#FedLLM-Bench: Benchmarking Federated Learning for Large Language Models.

Large language models (LLMs) have seen success in various domains, but training them centrally is costly due to data collection and annotation efforts. Federated learning (FL) offers a solution by enabling collaborative training on decentralized data while preserving privacy. However, the lack of realistic benchmarks remains a challenge in FedLLM. Existing frameworks and methods address data heterogeneity in FL, but artificial datasets fail to capture real-world data properties.

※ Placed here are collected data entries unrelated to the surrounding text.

theorem mainTheorem14:
  assumes "CARD('n::finite) \<le> 4"
  shows "theta TYPE('n) = 3 - 4 / (real (CARD('n)) + 1) \<and>
         (\<forall>x :: nat \<Rightarrow> real^'n. admissible_nodes x \<and> proj_norm x = theta TYPE('n)
             \<longrightarrow> regular_inscribed x)"
proof -
  let ?T = "3 - 4 / (real (CARD('n)) + 1)"
  obtain h :: "nat \<Rightarrow> 'n" and \<alpha> \<beta> \<gamma> where frame: "regular_simplex_frame h \<alpha> \<beta> \<gamma>"
    using regular_simplex_frame_exists by blast
  let ?x = "regular_simplex_frame.vertex h \<alpha> \<beta> \<gamma>"
  have adm: "admissible_nodes ?x"
    using frame by (rule regular_simplex_frame.admissible_nodes_vertex)
  then have "proj_norm ?x = ?T"
    using regular_simplex_frame.proj_norm_vertex_le[OF frame assms] proj_norm_lower_bound[OF adm]
    by linarith
  then have "?T \<in> {proj_norm x | x :: nat \<Rightarrow> real^'n. admissible_nodes x}"
    using adm by (intro CollectI exI[of _ ?x]) simp
  then have theta: "theta TYPE('n) = ?T"
    unfolding theta_def using proj_norm_lower_bound by (intro cInf_eq_minimum) auto
  moreover have "regular_inscribed x"
    if "admissible_nodes x" "proj_norm x = theta TYPE('n)" for x :: "nat \<Rightarrow> real^'n"
    using minimal_proj_norm_imp_regular_inscribed[OF that(1)] that(2) theta by simp
  ultimately show ?thesis
    by blast
qed

end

Researchers from Shanghai Jiao Tong University, Tsinghua University, and Shanghai AI Laboratory introduce FedLLM-Bench, the first realistic benchmark for FedLLM. It includes four datasets split by real-world user IDs, capturing properties like language diversity, data quality, and user preferences. The benchmark integrates eight baseline methods and six evaluation metrics to facilitate comparisons and explore new research directions.

Extensive experiments on FedLLM-Bench show that federated methods outperform local training on average, highlighting opportunities for language personalization and instruction-following ability. Federated methods consistently surpass local training in single and multi-turn conversations, with clear benefits across datasets. The benchmark aims to reduce effort, enable fair comparisons, and drive progress in FedLLM research.

The study introduces a comprehensive testbed for collaborative, privacy-preserving training of large language models, providing a practical tool for the research community. The benchmark evaluates diverse datasets with various training methods and metrics, showcasing the advantages of federated learning in capturing real-world complexities and improving model performance.